╔══

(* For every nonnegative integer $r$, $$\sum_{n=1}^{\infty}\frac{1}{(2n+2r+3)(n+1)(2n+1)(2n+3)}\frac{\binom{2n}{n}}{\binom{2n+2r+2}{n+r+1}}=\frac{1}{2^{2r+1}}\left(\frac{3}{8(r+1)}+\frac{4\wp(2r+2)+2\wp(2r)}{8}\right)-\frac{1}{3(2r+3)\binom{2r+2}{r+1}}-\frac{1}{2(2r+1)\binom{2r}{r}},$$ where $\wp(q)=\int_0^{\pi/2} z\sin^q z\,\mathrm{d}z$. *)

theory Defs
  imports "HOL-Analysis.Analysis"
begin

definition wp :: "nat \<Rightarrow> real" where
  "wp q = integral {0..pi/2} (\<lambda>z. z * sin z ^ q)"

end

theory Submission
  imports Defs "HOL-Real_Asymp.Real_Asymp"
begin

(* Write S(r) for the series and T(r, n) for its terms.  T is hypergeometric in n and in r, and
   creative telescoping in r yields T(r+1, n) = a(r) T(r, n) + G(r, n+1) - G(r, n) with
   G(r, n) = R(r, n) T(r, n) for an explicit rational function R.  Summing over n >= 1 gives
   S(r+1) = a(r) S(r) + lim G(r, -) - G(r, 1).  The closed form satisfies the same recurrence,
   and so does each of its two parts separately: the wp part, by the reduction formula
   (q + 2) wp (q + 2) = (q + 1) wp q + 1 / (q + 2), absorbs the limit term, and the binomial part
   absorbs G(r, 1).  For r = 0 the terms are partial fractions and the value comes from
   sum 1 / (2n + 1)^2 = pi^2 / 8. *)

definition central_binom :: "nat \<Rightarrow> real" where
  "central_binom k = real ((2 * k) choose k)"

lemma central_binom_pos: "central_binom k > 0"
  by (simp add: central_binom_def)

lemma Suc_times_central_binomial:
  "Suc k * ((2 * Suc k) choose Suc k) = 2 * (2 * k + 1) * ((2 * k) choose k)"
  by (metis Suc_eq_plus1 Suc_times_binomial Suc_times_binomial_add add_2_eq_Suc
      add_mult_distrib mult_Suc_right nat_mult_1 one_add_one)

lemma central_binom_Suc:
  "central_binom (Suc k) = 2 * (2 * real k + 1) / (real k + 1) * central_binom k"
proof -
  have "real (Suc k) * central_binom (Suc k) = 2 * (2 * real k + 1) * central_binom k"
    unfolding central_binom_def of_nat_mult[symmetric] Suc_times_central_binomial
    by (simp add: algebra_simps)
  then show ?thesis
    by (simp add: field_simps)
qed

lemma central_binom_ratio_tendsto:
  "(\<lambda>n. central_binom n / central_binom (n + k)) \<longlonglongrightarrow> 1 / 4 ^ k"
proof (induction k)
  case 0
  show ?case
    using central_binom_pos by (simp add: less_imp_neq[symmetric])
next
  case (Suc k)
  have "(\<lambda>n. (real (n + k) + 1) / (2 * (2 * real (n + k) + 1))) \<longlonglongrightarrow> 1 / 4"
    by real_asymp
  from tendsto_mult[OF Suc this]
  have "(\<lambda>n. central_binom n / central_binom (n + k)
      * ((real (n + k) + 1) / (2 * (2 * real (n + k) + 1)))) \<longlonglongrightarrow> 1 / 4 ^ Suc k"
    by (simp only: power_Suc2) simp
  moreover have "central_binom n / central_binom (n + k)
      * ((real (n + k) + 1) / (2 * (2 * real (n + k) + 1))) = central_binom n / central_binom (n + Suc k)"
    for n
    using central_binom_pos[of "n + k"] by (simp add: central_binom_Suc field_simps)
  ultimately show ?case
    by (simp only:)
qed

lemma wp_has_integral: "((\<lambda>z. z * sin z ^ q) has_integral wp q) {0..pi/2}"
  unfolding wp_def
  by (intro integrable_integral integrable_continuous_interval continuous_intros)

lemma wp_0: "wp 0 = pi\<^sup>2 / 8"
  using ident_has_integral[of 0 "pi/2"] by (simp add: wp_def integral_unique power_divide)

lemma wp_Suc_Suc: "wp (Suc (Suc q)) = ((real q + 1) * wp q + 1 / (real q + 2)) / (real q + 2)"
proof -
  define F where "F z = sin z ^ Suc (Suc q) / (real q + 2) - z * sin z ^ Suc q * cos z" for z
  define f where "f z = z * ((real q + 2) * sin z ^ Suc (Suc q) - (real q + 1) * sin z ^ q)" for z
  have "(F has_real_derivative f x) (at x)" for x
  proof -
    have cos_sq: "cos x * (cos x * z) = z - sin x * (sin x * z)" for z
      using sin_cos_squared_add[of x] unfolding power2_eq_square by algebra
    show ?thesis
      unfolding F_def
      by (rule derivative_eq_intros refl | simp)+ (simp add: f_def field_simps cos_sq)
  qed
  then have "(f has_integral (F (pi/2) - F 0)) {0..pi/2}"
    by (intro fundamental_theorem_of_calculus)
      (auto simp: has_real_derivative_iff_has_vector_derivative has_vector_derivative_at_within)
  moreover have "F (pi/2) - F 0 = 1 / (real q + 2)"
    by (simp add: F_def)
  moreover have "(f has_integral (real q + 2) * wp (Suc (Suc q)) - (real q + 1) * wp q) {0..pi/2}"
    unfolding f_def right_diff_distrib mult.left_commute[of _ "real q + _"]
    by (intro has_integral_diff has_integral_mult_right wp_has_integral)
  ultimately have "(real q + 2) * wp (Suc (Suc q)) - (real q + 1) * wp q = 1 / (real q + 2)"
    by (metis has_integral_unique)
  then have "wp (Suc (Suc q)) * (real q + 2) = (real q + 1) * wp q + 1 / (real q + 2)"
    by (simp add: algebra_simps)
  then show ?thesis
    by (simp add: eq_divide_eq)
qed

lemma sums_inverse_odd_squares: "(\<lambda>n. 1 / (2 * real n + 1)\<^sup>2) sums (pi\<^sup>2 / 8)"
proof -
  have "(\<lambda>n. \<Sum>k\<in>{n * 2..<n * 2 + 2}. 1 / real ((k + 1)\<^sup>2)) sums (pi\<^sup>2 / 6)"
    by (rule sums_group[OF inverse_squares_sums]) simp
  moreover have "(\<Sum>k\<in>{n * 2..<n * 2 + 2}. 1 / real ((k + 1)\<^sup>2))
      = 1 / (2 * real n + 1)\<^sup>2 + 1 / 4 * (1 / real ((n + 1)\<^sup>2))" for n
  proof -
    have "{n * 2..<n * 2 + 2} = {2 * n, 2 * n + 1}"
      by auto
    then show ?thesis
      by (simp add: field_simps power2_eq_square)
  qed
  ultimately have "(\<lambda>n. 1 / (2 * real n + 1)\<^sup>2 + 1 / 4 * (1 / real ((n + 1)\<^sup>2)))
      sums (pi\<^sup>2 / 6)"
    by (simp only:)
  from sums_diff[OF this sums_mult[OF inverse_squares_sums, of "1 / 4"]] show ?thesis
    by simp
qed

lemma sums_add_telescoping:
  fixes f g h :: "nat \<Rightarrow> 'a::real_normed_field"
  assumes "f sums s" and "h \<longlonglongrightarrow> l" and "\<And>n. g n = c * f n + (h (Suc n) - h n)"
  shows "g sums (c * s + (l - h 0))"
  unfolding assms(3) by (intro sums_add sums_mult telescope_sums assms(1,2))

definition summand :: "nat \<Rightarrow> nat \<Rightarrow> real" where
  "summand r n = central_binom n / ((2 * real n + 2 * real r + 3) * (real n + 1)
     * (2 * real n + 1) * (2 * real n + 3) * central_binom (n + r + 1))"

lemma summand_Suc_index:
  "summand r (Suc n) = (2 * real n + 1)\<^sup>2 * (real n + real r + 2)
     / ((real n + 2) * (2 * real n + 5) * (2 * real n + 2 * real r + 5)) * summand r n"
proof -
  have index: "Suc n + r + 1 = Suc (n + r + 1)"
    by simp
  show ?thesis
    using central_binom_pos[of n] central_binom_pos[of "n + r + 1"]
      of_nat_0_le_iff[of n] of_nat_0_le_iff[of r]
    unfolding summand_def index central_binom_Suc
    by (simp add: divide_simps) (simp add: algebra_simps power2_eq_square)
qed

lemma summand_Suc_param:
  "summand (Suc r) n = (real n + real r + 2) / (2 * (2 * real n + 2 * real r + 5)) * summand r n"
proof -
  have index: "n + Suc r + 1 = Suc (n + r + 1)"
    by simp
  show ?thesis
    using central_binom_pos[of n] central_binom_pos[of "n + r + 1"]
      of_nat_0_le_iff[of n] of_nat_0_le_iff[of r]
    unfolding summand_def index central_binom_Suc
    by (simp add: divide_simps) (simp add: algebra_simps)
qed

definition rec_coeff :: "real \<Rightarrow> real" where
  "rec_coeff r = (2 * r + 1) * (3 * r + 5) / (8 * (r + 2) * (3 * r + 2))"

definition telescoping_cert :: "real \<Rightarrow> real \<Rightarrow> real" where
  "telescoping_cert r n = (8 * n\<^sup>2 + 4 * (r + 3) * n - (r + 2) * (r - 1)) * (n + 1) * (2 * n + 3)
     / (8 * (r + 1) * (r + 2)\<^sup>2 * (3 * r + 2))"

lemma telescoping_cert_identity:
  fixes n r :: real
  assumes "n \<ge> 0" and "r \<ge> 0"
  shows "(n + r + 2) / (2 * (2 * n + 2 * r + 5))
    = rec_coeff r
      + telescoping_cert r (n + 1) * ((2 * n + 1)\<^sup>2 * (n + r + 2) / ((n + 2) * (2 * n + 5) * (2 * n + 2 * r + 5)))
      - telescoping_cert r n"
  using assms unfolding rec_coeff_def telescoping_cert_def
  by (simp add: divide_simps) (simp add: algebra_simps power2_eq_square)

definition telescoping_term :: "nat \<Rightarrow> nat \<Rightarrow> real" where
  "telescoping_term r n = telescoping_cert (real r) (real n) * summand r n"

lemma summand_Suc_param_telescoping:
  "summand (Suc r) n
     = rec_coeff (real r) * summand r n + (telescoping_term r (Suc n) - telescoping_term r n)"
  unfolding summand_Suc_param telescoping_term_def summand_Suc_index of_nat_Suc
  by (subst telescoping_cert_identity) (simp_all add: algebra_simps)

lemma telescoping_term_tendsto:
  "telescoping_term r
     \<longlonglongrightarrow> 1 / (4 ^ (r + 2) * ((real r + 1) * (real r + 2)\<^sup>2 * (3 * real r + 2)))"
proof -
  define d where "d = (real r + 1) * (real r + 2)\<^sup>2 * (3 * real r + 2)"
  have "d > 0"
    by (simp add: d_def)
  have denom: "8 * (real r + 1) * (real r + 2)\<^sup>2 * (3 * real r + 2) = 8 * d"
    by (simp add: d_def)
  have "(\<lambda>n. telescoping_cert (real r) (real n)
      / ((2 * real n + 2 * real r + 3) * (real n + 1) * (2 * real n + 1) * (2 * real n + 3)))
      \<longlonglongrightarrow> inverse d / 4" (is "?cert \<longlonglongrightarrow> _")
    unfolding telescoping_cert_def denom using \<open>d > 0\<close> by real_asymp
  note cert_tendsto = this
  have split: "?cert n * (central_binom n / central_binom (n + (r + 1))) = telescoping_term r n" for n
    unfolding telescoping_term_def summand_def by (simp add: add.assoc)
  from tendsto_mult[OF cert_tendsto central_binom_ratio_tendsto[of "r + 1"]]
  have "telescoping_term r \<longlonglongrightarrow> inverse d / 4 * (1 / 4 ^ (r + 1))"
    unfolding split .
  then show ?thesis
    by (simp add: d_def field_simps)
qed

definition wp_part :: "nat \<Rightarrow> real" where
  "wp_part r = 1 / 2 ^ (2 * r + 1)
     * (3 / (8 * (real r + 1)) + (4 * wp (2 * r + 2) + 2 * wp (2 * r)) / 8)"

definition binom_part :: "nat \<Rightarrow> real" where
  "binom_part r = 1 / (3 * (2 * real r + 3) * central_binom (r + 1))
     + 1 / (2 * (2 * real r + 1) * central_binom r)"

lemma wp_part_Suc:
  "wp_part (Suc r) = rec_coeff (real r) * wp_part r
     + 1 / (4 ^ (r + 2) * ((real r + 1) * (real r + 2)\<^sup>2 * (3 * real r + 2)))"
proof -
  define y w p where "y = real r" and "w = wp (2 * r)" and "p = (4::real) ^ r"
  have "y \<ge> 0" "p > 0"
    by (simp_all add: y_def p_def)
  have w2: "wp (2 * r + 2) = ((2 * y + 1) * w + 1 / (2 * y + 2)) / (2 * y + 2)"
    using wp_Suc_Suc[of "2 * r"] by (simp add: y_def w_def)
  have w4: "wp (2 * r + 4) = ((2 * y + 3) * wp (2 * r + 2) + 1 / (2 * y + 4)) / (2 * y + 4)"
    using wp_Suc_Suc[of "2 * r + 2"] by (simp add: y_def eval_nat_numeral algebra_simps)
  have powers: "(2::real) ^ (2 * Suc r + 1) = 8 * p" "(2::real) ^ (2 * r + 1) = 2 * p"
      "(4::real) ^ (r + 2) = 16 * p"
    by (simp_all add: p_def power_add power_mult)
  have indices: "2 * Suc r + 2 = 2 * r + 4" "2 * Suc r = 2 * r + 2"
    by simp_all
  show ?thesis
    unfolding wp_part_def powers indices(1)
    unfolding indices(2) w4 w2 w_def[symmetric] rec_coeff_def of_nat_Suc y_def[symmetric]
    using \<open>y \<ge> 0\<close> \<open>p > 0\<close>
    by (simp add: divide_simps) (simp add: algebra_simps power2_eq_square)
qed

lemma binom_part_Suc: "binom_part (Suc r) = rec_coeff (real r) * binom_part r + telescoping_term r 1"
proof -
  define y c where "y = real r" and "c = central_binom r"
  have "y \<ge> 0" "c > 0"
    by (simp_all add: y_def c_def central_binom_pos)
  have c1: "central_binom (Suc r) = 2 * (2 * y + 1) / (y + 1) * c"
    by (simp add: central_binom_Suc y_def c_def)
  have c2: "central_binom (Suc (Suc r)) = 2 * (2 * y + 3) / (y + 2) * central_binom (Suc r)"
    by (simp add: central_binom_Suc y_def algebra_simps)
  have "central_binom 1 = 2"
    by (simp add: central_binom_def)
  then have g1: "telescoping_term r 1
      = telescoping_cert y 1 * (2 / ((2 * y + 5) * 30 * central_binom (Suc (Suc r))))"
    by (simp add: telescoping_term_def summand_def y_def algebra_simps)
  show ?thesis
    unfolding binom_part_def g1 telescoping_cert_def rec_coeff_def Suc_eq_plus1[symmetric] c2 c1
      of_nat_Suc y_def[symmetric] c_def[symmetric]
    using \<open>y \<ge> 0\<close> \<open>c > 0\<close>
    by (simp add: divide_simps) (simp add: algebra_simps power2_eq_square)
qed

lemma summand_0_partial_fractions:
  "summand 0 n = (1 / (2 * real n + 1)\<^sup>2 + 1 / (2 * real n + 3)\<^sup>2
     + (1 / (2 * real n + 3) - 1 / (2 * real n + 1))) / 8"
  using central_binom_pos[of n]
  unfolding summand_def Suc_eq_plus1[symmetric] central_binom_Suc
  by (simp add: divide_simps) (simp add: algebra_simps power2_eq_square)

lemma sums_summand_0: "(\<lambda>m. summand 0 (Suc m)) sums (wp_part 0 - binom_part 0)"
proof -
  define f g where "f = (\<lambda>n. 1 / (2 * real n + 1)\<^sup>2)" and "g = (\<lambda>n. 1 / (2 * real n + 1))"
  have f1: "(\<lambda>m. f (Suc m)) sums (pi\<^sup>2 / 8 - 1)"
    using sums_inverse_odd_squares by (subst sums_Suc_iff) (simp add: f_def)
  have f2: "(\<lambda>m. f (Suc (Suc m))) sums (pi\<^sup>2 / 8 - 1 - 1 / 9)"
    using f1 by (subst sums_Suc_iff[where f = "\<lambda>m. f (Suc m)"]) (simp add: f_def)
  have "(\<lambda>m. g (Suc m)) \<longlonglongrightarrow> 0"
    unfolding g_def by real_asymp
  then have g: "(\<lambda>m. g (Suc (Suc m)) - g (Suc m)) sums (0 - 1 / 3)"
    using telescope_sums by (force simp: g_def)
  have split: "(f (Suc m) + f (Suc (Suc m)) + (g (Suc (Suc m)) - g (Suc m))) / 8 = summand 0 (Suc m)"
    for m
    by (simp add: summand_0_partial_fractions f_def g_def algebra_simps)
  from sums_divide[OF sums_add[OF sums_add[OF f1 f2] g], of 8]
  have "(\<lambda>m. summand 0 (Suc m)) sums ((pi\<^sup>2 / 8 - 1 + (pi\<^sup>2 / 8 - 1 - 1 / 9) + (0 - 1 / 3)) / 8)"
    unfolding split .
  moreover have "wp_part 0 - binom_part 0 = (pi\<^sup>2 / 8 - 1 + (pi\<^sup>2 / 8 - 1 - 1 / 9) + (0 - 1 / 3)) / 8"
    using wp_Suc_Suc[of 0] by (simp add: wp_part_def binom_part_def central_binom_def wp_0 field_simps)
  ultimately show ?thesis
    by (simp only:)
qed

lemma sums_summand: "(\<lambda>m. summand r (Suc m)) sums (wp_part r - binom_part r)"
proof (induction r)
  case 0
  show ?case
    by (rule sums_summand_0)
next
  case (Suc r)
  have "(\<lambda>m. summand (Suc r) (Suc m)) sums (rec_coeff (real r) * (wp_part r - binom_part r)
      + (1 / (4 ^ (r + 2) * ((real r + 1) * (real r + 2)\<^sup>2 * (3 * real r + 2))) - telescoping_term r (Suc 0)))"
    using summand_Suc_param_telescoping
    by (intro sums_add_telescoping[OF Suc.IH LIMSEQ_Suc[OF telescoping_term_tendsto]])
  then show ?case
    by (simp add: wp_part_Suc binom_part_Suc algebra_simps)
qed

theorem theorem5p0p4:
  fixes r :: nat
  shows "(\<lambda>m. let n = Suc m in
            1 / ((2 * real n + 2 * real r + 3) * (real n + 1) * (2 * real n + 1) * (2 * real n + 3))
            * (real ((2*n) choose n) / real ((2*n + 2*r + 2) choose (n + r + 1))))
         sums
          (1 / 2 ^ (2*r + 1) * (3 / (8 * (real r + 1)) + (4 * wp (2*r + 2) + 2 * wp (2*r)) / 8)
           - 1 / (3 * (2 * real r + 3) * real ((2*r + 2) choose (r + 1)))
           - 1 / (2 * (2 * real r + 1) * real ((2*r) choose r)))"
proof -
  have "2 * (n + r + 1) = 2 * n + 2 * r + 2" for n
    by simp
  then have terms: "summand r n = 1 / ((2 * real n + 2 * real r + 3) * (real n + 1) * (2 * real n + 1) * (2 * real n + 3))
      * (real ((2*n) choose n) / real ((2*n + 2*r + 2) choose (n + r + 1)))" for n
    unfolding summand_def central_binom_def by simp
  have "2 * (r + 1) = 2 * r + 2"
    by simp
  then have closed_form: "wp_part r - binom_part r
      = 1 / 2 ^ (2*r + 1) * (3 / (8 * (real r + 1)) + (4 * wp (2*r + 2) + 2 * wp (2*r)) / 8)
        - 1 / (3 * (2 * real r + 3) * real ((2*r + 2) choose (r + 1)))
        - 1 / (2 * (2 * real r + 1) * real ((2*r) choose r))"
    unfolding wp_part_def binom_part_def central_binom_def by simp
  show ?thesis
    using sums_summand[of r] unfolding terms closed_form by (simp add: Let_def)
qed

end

╚══
╔══

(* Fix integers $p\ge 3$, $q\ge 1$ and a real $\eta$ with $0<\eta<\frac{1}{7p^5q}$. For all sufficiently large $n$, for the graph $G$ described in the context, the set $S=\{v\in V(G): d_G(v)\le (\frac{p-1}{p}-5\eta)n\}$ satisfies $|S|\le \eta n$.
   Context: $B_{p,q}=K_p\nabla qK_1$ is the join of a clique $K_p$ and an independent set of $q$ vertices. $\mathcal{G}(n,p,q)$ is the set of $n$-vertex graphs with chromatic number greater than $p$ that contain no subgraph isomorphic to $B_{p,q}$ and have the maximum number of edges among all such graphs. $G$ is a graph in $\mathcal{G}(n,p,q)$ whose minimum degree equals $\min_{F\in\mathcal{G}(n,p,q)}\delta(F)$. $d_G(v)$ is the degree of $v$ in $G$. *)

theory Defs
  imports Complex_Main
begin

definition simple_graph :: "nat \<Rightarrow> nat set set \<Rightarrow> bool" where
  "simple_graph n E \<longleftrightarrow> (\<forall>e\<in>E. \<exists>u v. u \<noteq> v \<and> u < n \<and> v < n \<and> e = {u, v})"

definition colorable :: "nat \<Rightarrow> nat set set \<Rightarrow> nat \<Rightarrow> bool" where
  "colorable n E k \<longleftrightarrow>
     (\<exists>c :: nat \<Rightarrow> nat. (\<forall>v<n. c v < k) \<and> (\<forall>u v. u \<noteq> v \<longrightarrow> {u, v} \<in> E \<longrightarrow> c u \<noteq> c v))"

╚══
╔══

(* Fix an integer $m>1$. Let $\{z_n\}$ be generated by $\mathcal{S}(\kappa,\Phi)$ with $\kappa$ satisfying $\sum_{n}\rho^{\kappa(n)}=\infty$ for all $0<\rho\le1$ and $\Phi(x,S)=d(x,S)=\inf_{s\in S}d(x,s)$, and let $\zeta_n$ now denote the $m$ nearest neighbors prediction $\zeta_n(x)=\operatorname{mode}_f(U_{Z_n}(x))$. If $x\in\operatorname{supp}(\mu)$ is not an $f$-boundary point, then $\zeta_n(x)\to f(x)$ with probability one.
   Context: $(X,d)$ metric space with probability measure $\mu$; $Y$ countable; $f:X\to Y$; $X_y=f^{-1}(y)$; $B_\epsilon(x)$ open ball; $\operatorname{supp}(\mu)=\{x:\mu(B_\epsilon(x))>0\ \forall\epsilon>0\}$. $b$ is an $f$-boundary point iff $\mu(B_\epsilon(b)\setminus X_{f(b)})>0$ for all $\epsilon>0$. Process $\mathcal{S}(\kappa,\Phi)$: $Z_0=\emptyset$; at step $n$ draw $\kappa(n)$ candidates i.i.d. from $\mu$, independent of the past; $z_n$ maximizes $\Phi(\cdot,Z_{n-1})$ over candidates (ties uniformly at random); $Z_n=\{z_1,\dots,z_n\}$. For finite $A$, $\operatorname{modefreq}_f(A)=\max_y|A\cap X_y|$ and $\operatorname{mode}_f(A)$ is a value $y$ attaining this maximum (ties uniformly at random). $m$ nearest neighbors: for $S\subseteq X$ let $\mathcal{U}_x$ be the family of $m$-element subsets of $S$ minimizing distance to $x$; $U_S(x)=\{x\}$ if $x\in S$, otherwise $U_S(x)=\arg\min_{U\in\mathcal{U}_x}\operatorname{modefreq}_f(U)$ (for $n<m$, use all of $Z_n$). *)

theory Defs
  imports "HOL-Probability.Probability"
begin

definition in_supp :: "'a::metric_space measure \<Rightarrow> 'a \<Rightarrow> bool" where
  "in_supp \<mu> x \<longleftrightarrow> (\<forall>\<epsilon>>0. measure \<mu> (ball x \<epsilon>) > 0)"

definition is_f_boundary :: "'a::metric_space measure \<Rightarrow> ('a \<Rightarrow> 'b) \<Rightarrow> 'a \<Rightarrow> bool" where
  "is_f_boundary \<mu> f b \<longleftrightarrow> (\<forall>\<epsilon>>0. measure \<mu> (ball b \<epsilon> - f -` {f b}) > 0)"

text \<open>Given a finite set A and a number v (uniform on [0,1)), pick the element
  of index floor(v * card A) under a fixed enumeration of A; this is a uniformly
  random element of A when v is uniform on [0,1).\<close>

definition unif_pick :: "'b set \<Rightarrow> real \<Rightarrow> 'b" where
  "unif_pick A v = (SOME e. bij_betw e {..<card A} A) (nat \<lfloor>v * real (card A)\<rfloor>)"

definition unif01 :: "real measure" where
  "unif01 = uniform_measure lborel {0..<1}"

╚══

§ **Required work**: Every line holding the word "satisfies" should be copied out of the material.

§ **Answer for this exercise**:
   S(r+1) = a(r) S(r) + lim G(r, -) - G(r, 1).  The closed form satisfies the same recurrence,
(* Fix integers $p\ge 3$, $q\ge 1$ and a real $\eta$ with $0<\eta<\frac{1}{7p^5q}$. For all sufficiently large $n$, for the graph $G$ described in the context, the set $S=\{v\in V(G): d_G(v)\le (\frac{p-1}{p}-5\eta)n\}$ satisfies $|S|\le \eta n$.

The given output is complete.